FTX Customers Sue Fenwick & West for $525 Million
Twenty FTX customers from five countries filed a $525 million suit in D.C., accusing Fenwick & West of helping conceal misuse of customer funds and creating shell companies.
Twenty customers of the collapsed crypto exchange FTX filed a $525 million lawsuit against Silicon Valley law firm Fenwick & West and six individual defendants on Wednesday in U.S. District Court for the District of Columbia. The complaint alleges the firm helped conceal misuse of customer funds and set up shell companies that obscured transfers.
The plaintiffs say they lost their life savings when FTX failed and that Fenwick’s work gave the exchange a false appearance of legitimacy that prevented withdrawals. The complaint centers on testimony from Nishad Singh, FTX’s former director of engineering, who pleaded guilty to fraud. The filing alleges Singh informed Fenwick attorneys that customer funds were being diverted and that the firm advised on ways to hide those transfers rather than withdrawing from the work.
The complaint accuses Fenwick of helping create North Dimension Inc., a Delaware entity presented as an electronics retailer that the plaintiffs say routed more than $3 billion of customer funds. It also alleges Fenwick implemented FTX’s Signal auto-delete messaging policy, which prosecutors have cited as a factor that impeded investigators.
A court-appointed bankruptcy examiner, after reviewing more than 200,000 documents, reported in 2024 that Fenwick built corporate structures for FTX and affiliated Alameda Research, formed shell entities to obscure money movements and drafted backdated agreements to cover transfers.

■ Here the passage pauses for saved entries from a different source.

definition cross3 :: "'a::field vec3 \<Rightarrow> 'a vec3 \<Rightarrow> 'a vec3" where
  "cross3 v w =
     (fst (snd v) * snd (snd w) - snd (snd v) * fst (snd w),
      snd (snd v) * fst w - fst v * snd (snd w),
      fst v * fst (snd w) - fst (snd v) * fst w)"

lemma dot3_scale3_right: "dot3 l (scale3 c v) = c * dot3 l v"
  by (simp add: dot3_def scale3_def algebra_simps)

lemma dot3_scale3_left: "dot3 (scale3 c l) v = c * dot3 l v"
  by (simp add: dot3_def scale3_def algebra_simps)

lemma scale3_scale3: "scale3 a (scale3 b v) = scale3 (a * b) v"
  by (simp add: scale3_def)

lemma scale3_one: "scale3 1 v = v"
  by (simp add: scale3_def)

lemma scale3_eq_0_iff: "scale3 c v = (0, 0, 0) \<longleftrightarrow> c = 0 \<or> v = (0, 0, 0)"
  by (cases v) (auto simp: scale3_def)

lemma cross3_cross3:
  "cross3 l (cross3 v w) =
     (dot3 l w * fst v - dot3 l v * fst w,
      dot3 l w * fst (snd v) - dot3 l v * fst (snd w),
      dot3 l w * snd (snd v) - dot3 l v * snd (snd w))"
  by (simp add: cross3_def dot3_def algebra_simps)

lemma cross3_eq_0_imp_scale3:
  assumes "cross3 u v = (0, 0, 0)" and "v \<noteq> (0, 0, 0)"
  shows "\<exists>c. u = scale3 c v"
proof -
  obtain u1 u2 u3 v1 v2 v3 where uv: "u = (u1, u2, u3)" "v = (v1, v2, v3)"
    by (cases u, cases v) auto
  have eqs: "u2 * v3 = u3 * v2" "u3 * v1 = u1 * v3" "u1 * v2 = u2 * v1"
    using assms(1) by (simp_all add: uv cross3_def)
  consider "v1 \<noteq> 0" | "v2 \<noteq> 0" | "v3 \<noteq> 0" using assms(2) uv by auto
  then show ?thesis
  proof cases
    case 1
    then have "u = scale3 (u1 / v1) v" using eqs by (simp add: uv scale3_def field_simps)
    then show ?thesis ..
  next
    case 2
    then have "u = scale3 (u2 / v2) v" using eqs by (simp add: uv scale3_def field_simps)
    then show ?thesis ..
  next
    case 3
    then have "u = scale3 (u3 / v3) v" using eqs by (simp add: uv scale3_def field_simps)
    then show ?thesis ..
  qed
qed

lemma mem_proj_point_of: "v \<in> proj_point_of v"
  unfolding proj_point_of_def by (auto intro: exI[of _ 1] simp: scale3_one)

lemma proj_point_of_scale3:
  assumes "c \<noteq> 0"
  shows "proj_point_of (scale3 c v) = proj_point_of v"
proof -
  have "scale3 c' (scale3 c v) = scale3 (c' * c) v" "scale3 c' v = scale3 (c' / c * c) v" for c'
    using assms by (simp_all add: scale3_scale3)
  then show ?thesis
    unfolding proj_point_of_def using assms by (metis divide_eq_0_iff mult_eq_0_iff)
qed

lemma proj_line_of_dot3: "proj_line_of l = {p \<in> P2. \<forall>v\<in>p. dot3 l v = 0}"
  by (simp add: proj_line_of_def dot3_def)

lemma proj_line_of_scale3:
  assumes "c \<noteq> 0"
  shows "proj_line_of (scale3 c l) = proj_line_of l"
  using assms by (simp add: proj_line_of_dot3 dot3_scale3_left)

lemma proj_point_of_mem_proj_line_of_iff:
  assumes "v \<noteq> (0, 0, 0)"
  shows "proj_point_of v \<in> proj_line_of l \<longleftrightarrow> dot3 l v = 0"
proof -
  have "proj_point_of v \<in> P2" using assms unfolding P2_def by blast
  moreover have "(\<forall>u\<in>proj_point_of v. dot3 l u = 0) \<longleftrightarrow> dot3 l v = 0"
    using mem_proj_point_of[of v] unfolding proj_point_of_def
    by (auto simp: dot3_scale3_right simp del: split_paired_All)
  ultimately show ?thesis by (simp add: proj_line_of_dot3)
qed

lemma cross3_neq_0:
  assumes "v \<noteq> (0, 0, 0)" "w \<noteq> (0, 0, 0)" "proj_point_of v \<noteq> proj_point_of w"
  shows "cross3 v w \<noteq> (0, 0, 0)"
proof
  assume "cross3 v w = (0, 0, 0)"
  then obtain c where c: "v = scale3 c w" using assms(2) cross3_eq_0_imp_scale3 by blast
  with assms(1) have "c \<noteq> 0" by (auto simp: scale3_eq_0_iff)
  with c assms(3) show False using proj_point_of_scale3 by metis
qed

lemma proj_line_of_eq_cross3:
  assumes "v \<noteq> (0, 0, 0)" "w \<noteq> (0, 0, 0)" "proj_point_of v \<noteq> proj_point_of w"
    and "l \<noteq> (0, 0, 0)" "dot3 l v = 0" "dot3 l w = 0"
  shows "proj_line_of l = proj_line_of (cross3 v w)"
proof -
  have "cross3 l (cross3 v w) = (0, 0, 0)" using assms(5,6) by (simp add: cross3_cross3)
  then obtain c where c: "l = scale3 c (cross3 v w)"
    using cross3_eq_0_imp_scale3 cross3_neq_0[OF assms(1-3)] by blast
  with assms(4) have "c \<noteq> 0" by (auto simp: scale3_eq_0_iff)
  with c show ?thesis by (simp add: proj_line_of_scale3)
qed

lemma is_line_inter_eq:
  assumes "is_line L" "is_line L'" "L \<noteq> L'" "p \<in> L \<inter> L'" "q \<in> L \<inter> L'"
  shows "p = q"
proof (rule ccontr)
  assume pq: "p \<noteq> q"
  obtain l l' where l: "l \<noteq> (0, 0, 0)" "L = proj_line_of l"
    and l': "l' \<noteq> (0, 0, 0)" "L' = proj_line_of l'"
    using assms(1,2) unfolding is_line_def by blast
  obtain v w where v: "v \<noteq> (0, 0, 0)" "p = proj_point_of v"
    and w: "w \<noteq> (0, 0, 0)" "q = proj_point_of w"
    using assms(4,5) l(2) unfolding proj_line_of_def P2_def by blast
  have "dot3 l v = 0" "dot3 l w = 0" "dot3 l' v = 0" "dot3 l' w = 0"
    using assms(4,5) l l' v w proj_point_of_mem_proj_line_of_iff by blast+
  then have "L = L'"
    using proj_line_of_eq_cross3[OF v(1) w(1)] pq v w l l' by metis
  with assms(3) show False ..
qed

lemma card_is_line_inter_le_1:
  assumes "is_line L" "is_line L'" "L \<noteq> L'" "finite A" "A \<subseteq> L'"
  shows "card (L \<inter> A) \<le> 1"
proof -
  have "\<forall>p\<in>L \<inter> A. \<forall>q\<in>L \<inter> A. p = q"
    using is_line_inter_eq[OF assms(1-3)] assms(5) by blast
  with assms(4) show ?thesis by (simp add: card_le_Suc0_iff_eq)
qed

lemma strict_mono_gap:
  fixes f :: "nat \<Rightarrow> nat"
  assumes "\<And>k. m \<le> k \<Longrightarrow> k < n \<Longrightarrow> f k < f (Suc k)" and "m \<le> n"
  shows "f m + (n - m) \<le> f n"
  using assms(2,1)
proof (induction n rule: nat_induct_at_least)
  case (Suc n)
  then have "f m + (n - m) \<le> f n" and "f n < f (Suc n)" by simp_all
  with Suc.hyps show ?case by (simp add: Suc_diff_le)
qed simp

context
  fixes X :: "'a::field vec3 set set" and d :: "nat \<Rightarrow> nat"
    and Xs Ls :: "nat \<Rightarrow> 'a vec3 set set" and s :: nat
  assumes conf: "kconfig X d Xs Ls s"
begin

lemma kconfig_finite: "finite X"
  and kconfig_Xs_subset_Ls: "k \<in> {1..s} \<Longrightarrow> Xs k \<subseteq> Ls k"
  and kconfig_card_Xs: "k \<in> {1..s} \<Longrightarrow> card (Xs k) = d k"
  and kconfig_is_line: "k \<in> {1..s} \<Longrightarrow> is_line (Ls k)"
  and kconfig_inj_on_Ls: "inj_on Ls {1..s}"
  and kconfig_union: "X = (\<Union>k\<in>{1..s}. Xs k)"
  and kconfig_Ls_inter_Xs_below:
    "k \<in> {1..s} \<Longrightarrow> m \<in> {1..s} \<Longrightarrow> m < k \<Longrightarrow> Ls k \<inter> Xs m = {}"
  using conf by (auto simp: kconfig_def)

lemma kconfig_finite_Xs: "k \<in> {1..s} \<Longrightarrow> finite (Xs k)"
  using kconfig_finite kconfig_union by (auto intro: finite_subset)

lemma kconfig_Xs_disjoint:
  assumes "k \<in> {1..s}" "m \<in> {1..s}" "k \<noteq> m"
  shows "Xs k \<inter> Xs m = {}"
proof (cases "m < k")
  case True
  then show ?thesis using assms kconfig_Ls_inter_Xs_below kconfig_Xs_subset_Ls by blast
next
  case False
  then have "k < m" using assms(3) by simp
  then show ?thesis using assms kconfig_Ls_inter_Xs_below kconfig_Xs_subset_Ls by blast
qed

lemma kconfig_d_gap: "1 \<le> m \<Longrightarrow> m \<le> n \<Longrightarrow> n \<le> s \<Longrightarrow> d m + (n - m) \<le> d n"
  using conf by (intro strict_mono_gap) (auto simp: kconfig_def)

lemma kconfig_card_Ls_inter:
  assumes "a \<in> {1..s}"
  shows "card (Ls a \<inter> X) = d a + (\<Sum>m\<in>{a<..s}. card (Ls a \<inter> Xs m))"
proof -
  have on_line: "Ls a \<inter> X = (\<Union>m\<in>{a..s}. Ls a \<inter> Xs m)"
    using assms kconfig_union kconfig_Ls_inter_Xs_below[OF assms] by fastforce
  have disjoint: "Ls a \<inter> Xs m \<inter> (Ls a \<inter> Xs m') = {}"
    if "m \<in> {a..s}" "m' \<in> {a..s}" "m \<noteq> m'" for m m'
    using that assms kconfig_Xs_disjoint[of m m'] by auto
  have "card (Ls a \<inter> X) = (\<Sum>m\<in>{a..s}. card (Ls a \<inter> Xs m))"
    unfolding on_line by (rule card_UN_disjoint) (use assms kconfig_finite_Xs disjoint in auto)
  also have "\<dots> = card (Ls a \<inter> Xs a) + (\<Sum>m\<in>{a<..s}. card (Ls a \<inter> Xs m))"
    using assms by (simp add: sum.head)
  finally show ?thesis
    using assms kconfig_card_Xs kconfig_Xs_subset_Ls by (simp add: Int_absorb1)
qed

lemma kconfig_card_Ls_inter_Xs_above_le_1:
  assumes "a \<in> {1..s}" "m \<in> {a<..s}"
  shows "card (Ls a \<inter> Xs m) \<le> 1"
proof (rule card_is_line_inter_le_1)
  show "Ls a \<noteq> Ls m"
    using assms kconfig_inj_on_Ls by (auto dest: inj_onD)
qed (use assms kconfig_is_line kconfig_finite_Xs kconfig_Xs_subset_Ls in auto)

lemma kconfig_full_line_meets_above_once:
  assumes "a \<in> {1..s}" "card (Ls a \<inter> X) = d s" "m \<in> {a<..s}"
  shows "card (Ls a \<inter> Xs m) = 1"
proof -
  let ?c = "\<lambda>m. card (Ls a \<inter> Xs m)"
  have le1: "\<forall>m\<in>{a<..s}. ?c m \<le> 1"
    using kconfig_card_Ls_inter_Xs_above_le_1[OF assms(1)] by blast
  have "s - a \<le> sum ?c {a<..s}"
    using assms(1,2) kconfig_card_Ls_inter kconfig_d_gap[of a s] by auto
  moreover have "(\<Sum>m\<in>{a<..s}. 1 - ?c m) = (\<Sum>m\<in>{a<..s}. 1) - sum ?c {a<..s}"
    using le1 by (intro sum_subtractf_nat) auto
  ultimately have "(\<Sum>m\<in>{a<..s}. 1 - ?c m) = 0" by simp
  then have "1 - ?c m = 0" using assms(3) by (simp add: sum_eq_0_iff)
  then show ?thesis using le1 assms(3) by (simp add: le_antisym)
qed

lemma kconfig_full_line_consecutive_d:
  assumes "a \<in> {1..s}" "card (Ls a \<inter> X) = d s" "m \<in> {a..s}"
  shows "d m = d a + (m - a)"
proof -
  have "d s \<le> d a + (s - a)"
    using assms kconfig_card_Ls_inter kconfig_card_Ls_inter_Xs_above_le_1
      sum_mono[of "{a<..s}" "\<lambda>m. card (Ls a \<inter> Xs m)" "\<lambda>_. 1"] by auto
  then show ?thesis
    using assms kconfig_d_gap[of a m] kconfig_d_gap[of m s] by auto
qed

end

locale kconfig_full_line =
  fixes X :: "'a::field vec3 set set" and d :: "nat \<Rightarrow> nat"
    and Xs Ls :: "nat \<Rightarrow> 'a vec3 set set" and s a b :: nat
  assumes conf: "kconfig X d Xs Ls s"
    and a_pos: "1 \<le> a" and a_less_b: "a < b" and b_le_s: "b \<le> s"
    and full: "card (Ls a \<inter> X) = d s"
begin

(* With a = s - i and b = s - j - 1, T, Xs' and Ls' are the paper's T, X'_k and L'_k. *)

definition shift :: "nat \<Rightarrow> nat" where
  "shift k = (if k < a then k else if k < b then Suc k else if k = b then a else k)"

definition T :: "'a vec3 set set" where
  "T = Ls a \<inter> (\<Union>m\<in>{a<..b}. Xs m)"

definition Xs' :: "nat \<Rightarrow> 'a vec3 set set" where
  "Xs' = (\<lambda>k. if k < a then Xs k else if k < b then Xs (Suc k) - T
                 else if k = b then Xs a \<union> T else Xs k)"

definition Ls' :: "nat \<Rightarrow> 'a vec3 set set" where
  "Ls' = (\<lambda>k. if k < a then Ls k else if k < b then Ls (Suc k)
                 else if k = b then Ls a else Ls k)"

lemma Ls'_eq_comp_shift: "Ls' = Ls \<circ> shift"
  by (simp add: fun_eq_iff Ls'_def shift_def)

lemma a_mem: "a \<in> {1..s}"
  using a_pos a_less_b b_le_s by simp

lemma shift_mem: "k \<in> {1..s} \<Longrightarrow> shift k \<in> {1..s}"
  using a_pos a_less_b b_le_s by (auto simp: shift_def)

lemma inj_on_shift: "inj_on shift {1..s}"
  using a_less_b by (auto simp: inj_on_def shift_def)

lemma shift_less: "m < k \<Longrightarrow> m \<noteq> b \<Longrightarrow> k \<noteq> b \<Longrightarrow> shift m < shift k"
  by (auto simp: shift_def)

lemma Xs'_subset_Xs_shift: "k \<noteq> b \<Longrightarrow> Xs' k \<subseteq> Xs (shift k)"
  by (auto simp: Xs'_def shift_def)

lemma Xs'_b: "Xs' b = Xs a \<union> T"
  using a_less_b by (simp add: Xs'_def)

lemma Ls'_b: "Ls' b = Ls a"
  using a_less_b by (simp add: Ls'_def)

The complaint quotes the examiner as finding Fenwick was “deeply intertwined in nearly every aspect of FTX Group’s wrongdoing.” The filing adds that those findings are based on documentary evidence in federal bankruptcy proceedings to which Fenwick was a party.
The lawsuit says Fenwick removed references to FTX from its website after the exchange filed for bankruptcy in November 2022 and retained defense counsel at Gibson Dunn before any civil suit was publicly filed. The plaintiffs bring seven claims, including legal malpractice, fraud and gross negligence, and seek more than $525 million in compensatory damages, the return of legal fees Fenwick earned from FTX, and punitive damages against partners Tyler Newby and Daniel Friedberg for what the complaint calls deliberate and reckless individual professional conduct.
The complaint appears amid ongoing litigation and criminal prosecutions tied to FTX’s collapse. Last month, the judge who sentenced former FTX CEO Sam Bankman‑Fried denied his request for a new trial and described his new‑evidence claims as “wildly conspiratorial and entirely contradicted by the record.” The judge also previously sentenced Bankman‑Fried to 25 years in prison.
Fenwick has not been found liable on the allegations and has not publicly commented in response to the complaint. The case will proceed in U.S. District Court in the District of Columbia, where the plaintiffs will seek to hold the firm responsible for the conduct described in their filing.